• Data extracted from a collection:
definition is_minimizer :: "real \<Rightarrow> (real \<Rightarrow> real) \<Rightarrow> bool" where
  "is_minimizer a v \<longleftrightarrow> admissible a v \<and> (\<forall>w. admissible a w \<longrightarrow> Hfun v \<le> Hfun w)"

end

theory Submission
  imports Defs
begin

(*
  Write a = f_N(x), so 1 <= a <= 2. The linear profile a y is admissible with H = 2 a^2 + 2, so it
  suffices to show that every admissible w with H(w) <= 2 a^2 + 2 + delta satisfies
  |w(y) - a y| <= 3 sqrt(2 delta); applied to v (delta = 0) and to w (delta = eps) this gives
  C = 3 sqrt 2.
  Let p and q be the first and last zeros of w, and L1 = p + 1, L2 = 1 - q. Then
  |{w ~= 0}| >= L1 + L2, and by Cauchy-Schwarz the Dirichlet energy on [-1, p] and [q, 1] is at
  least a^2/L1 and a^2/L2. Because a >= 1, the budget delta then bounds (Li - 1)^2, the energy on
  [p, q] and the energy excess over the chords of w on the outer segments. Cauchy-Schwarz once
  more bounds the distance of w from its chords, and the chords are within 2 |Li - 1| of a y.
*)

lemma integral_square_diff_const:
  fixes f :: "real \<Rightarrow> real"
  assumes f: "f integrable_on {c..d}" and f2: "(\<lambda>x. (f x)\<^sup>2) integrable_on {c..d}" and "c \<le> d"
  shows "(\<lambda>x. (f x - m)\<^sup>2) integrable_on {c..d}"
    and "integral {c..d} (\<lambda>x. (f x - m)\<^sup>2)
           = integral {c..d} (\<lambda>x. (f x)\<^sup>2) - 2 * m * integral {c..d} f + m\<^sup>2 * (d - c)"
proof -
  have expand: "(\<lambda>x. (f x - m)\<^sup>2) = (\<lambda>x. ((f x)\<^sup>2 - 2 * m * f x) + m\<^sup>2)"
    by (simp add: fun_eq_iff power2_diff)
  have lin: "(\<lambda>x. 2 * m * f x) integrable_on {c..d}"
    using integrable_on_cmult_left[OF f, of "2 * m"] by simp
  have quad: "(\<lambda>x. (f x)\<^sup>2 - 2 * m * f x) integrable_on {c..d}"
    by (intro integrable_diff f2 lin)
  show "(\<lambda>x. (f x - m)\<^sup>2) integrable_on {c..d}"
    unfolding expand by (intro integrable_add quad integrable_const_ivl)
  show "integral {c..d} (\<lambda>x. (f x - m)\<^sup>2)
          = integral {c..d} (\<lambda>x. (f x)\<^sup>2) - 2 * m * integral {c..d} f + m\<^sup>2 * (d - c)"
    unfolding expand using \<open>c \<le> d\<close>
    by (simp add: integral_add[OF quad integrable_const_ivl] integral_diff[OF f2 lin])
qed
theorem lemma2:
  fixes u0 v0 \<delta> :: real
    and G :: "(real \<times> real) set"
    and \<Omega> r Tuu Tuv Tvv :: "real \<times> real \<Rightarrow> real"
  assumes u0: "u0 > 0" and v0: "v0 > 0"
    and GK: "G \<subseteq> Krect u0 v0" and Gopen: "rel_open_in (Krect u0 v0) G"
    and Ghyp: "globally_hyperbolic G"
    and GC: "Cin u0 v0 \<union> Cout v0 \<subseteq> G"
    and smooth: "smooth_on G \<Omega>" "smooth_on G r" "smooth_on G Tuu" "smooth_on G Tuv" "smooth_on G Tvv"
    and \<Omega>pos: "\<forall>p\<in>G. \<Omega> p > 0"
    and rnn: "\<forall>p\<in>G. r p \<ge> 0"
    and rpos: "\<forall>p\<in>Cin u0 v0 \<union> Cout v0. r p > 0"
    and Ray_u: "\<forall>p\<in>G. pu (\<lambda>q. (\<Omega> q) powi (-2) * pu r q) p = - r p * (\<Omega> p) powi (-2) * Tuu p"
    and Ray_v: "\<forall>p\<in>G. pv (\<lambda>q. (\<Omega> q) powi (-2) * pv r q) p = - r p * (\<Omega> p) powi (-2) * Tvv p"
    and mu: "\<forall>p\<in>G. pu (hawking_mass \<Omega> r) p
               = 2 * (r p)\<^sup>2 * (\<Omega> p) powi (-2) * (Tuv p * pu r p - Tuu p * pv r p)"
    and mv: "\<forall>p\<in>G. pv (hawking_mass \<Omega> r) p
               = 2 * (r p)\<^sup>2 * (\<Omega> p) powi (-2) * (Tuv p * pv r p - Tvv p * pu r p)"
    and I: "\<forall>p\<in>G. Tuu p \<ge> 0 \<and> Tuv p \<ge> 0 \<and> Tvv p \<ge> 0"
    and II: "Jminus (Krect u0 v0) G \<subseteq> G"
    and III: "bdd_above (r ` Cout v0)" "\<forall>p\<in>Cout v0. r p \<le> r_plus v0 r"
    and IV: "bdd_above (hawking_mass \<Omega> r ` Cout v0)"
            "\<forall>p\<in>Cout v0. 0 \<le> hawking_mass \<Omega> r p \<and> hawking_mass \<Omega> r p \<le> m_plus v0 \<Omega> r"
    and V: "\<forall>p\<in>Cout v0. pu r p < 0"
    and VI: "\<forall>p\<in>Cout v0. pv r p > 0"
    and VII: "\<forall>p q. p \<in> closure (Rreg G r) \<inter> Krect u0 v0 \<longrightarrow>
                 q \<in> closure (Rreg G r) \<inter> Krect u0 v0 \<inter> Iminus (Krect u0 v0) {p} \<longrightarrow>
                 (Jminus (Krect u0 v0) {p} \<inter> Jplus (Krect u0 v0) {q}) - {p} \<subseteq> Rreg G r \<union> Areg G r \<longrightarrow>
                 p \<in> Rreg G r \<union> Areg G r"
    and \<delta>: "\<delta> > 0"
    and condA: "\<forall>p\<in>Areg G r \<inter> Wreg G v0 r \<delta>. Tuv p * (\<Omega> p) powi (-2) < 1 / (4 * (r p)\<^sup>2)"
    and noA: "Areg G r \<inter> Wreg G v0 r \<delta> = {}"
  shows "\<exists>u1 v1. 0 < u1 \<and> u1 \<le> u0 \<and> v0 \<le> v1 \<and>
           Krect u1 v1 \<subseteq> Wreg G v0 r \<delta> \<inter> Rreg G r"
proof -
  define L where "L = r_plus v0 r - \<delta>"
  have pu_neg: "\<And>p. p \<in> G \<Longrightarrow> pu r p < 0"
    using pu_neg_by_raychaudhuri[OF GK II smooth(1,2) \<Omega>pos rnn _ Ray_u V] I by blast
  have Cout_G: "\<And>b. v0 \<le> b \<Longrightarrow> (0, b) \<in> G" using GC unfolding Cout_def by auto
  obtain v1 where "v0 \<le> v1" "r (0, v1) > L"
    using Cout_r_close_to_r_plus[OF \<delta>] unfolding L_def by blast
  then obtain u1 where u1: "0 < u1" "u1 \<le> u0"
    and seg: "\<And>s. 0 \<le> s \<Longrightarrow> s \<le> u1 \<Longrightarrow> (s, v1) \<in> G \<and> r (s, v1) > L"
    using initial_segment_above[OF Gopen u0 smooth_on_continuous_on[OF smooth(2)] Cout_G] by blast
  have "pv r (0, v1) > 0" using VI \<open>v0 \<le> v1\<close> unfolding Cout_def by simp
  moreover have pv_nonzero: "\<And>p. p \<in> G \<Longrightarrow> r p > L \<Longrightarrow> pv r p \<noteq> 0"
    using noA pu_neg unfolding Areg_def Wreg_def L_def by fastforce
  ultimately have above: "pv r p > 0 \<and> r p > L" if "p \<in> G \<inter> Krect u1 v1" for p
    using pv_pos_above_segment[OF GK II smooth(2) seg] that unfolding Krect_def by (cases p) auto
  then have "G \<inter> Krect u1 v1 \<subseteq> Rreg G r" using pu_neg unfolding Rreg_def by auto
  then have "Krect u1 v1 \<subseteq> G"
    using Krect_subset_domain[OF Gopen u1(2) \<open>v0 \<le> v1\<close> _ _ _ VII] Cout_G seg \<open>v0 \<le> v1\<close> by auto
  then have "Krect u1 v1 \<subseteq> Wreg G v0 r \<delta> \<inter> Rreg G r"
    using above pu_neg unfolding Wreg_def Rreg_def L_def by fastforce
  then show ?thesis using u1 \<open>v0 \<le> v1\<close> by blast
qed

end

• TASK ITEM: Apply a filter for "blast" to the data above, then copy each line that matches.

• ANSWER BOX:
    using pu_neg_by_raychaudhuri[OF GK II smooth(1,2) \<Omega>pos rnn _ Ray_u V] I by blast
    using Cout_r_close_to_r_plus[OF \<delta>] unfolding L_def by blast
    using initial_segment_above[OF Gopen u0 smooth_on_continuous_on[OF smooth(2)] Cout_G] by blast
  then show ?thesis using u1 \<open>v0 \<le> v1\<close> by blast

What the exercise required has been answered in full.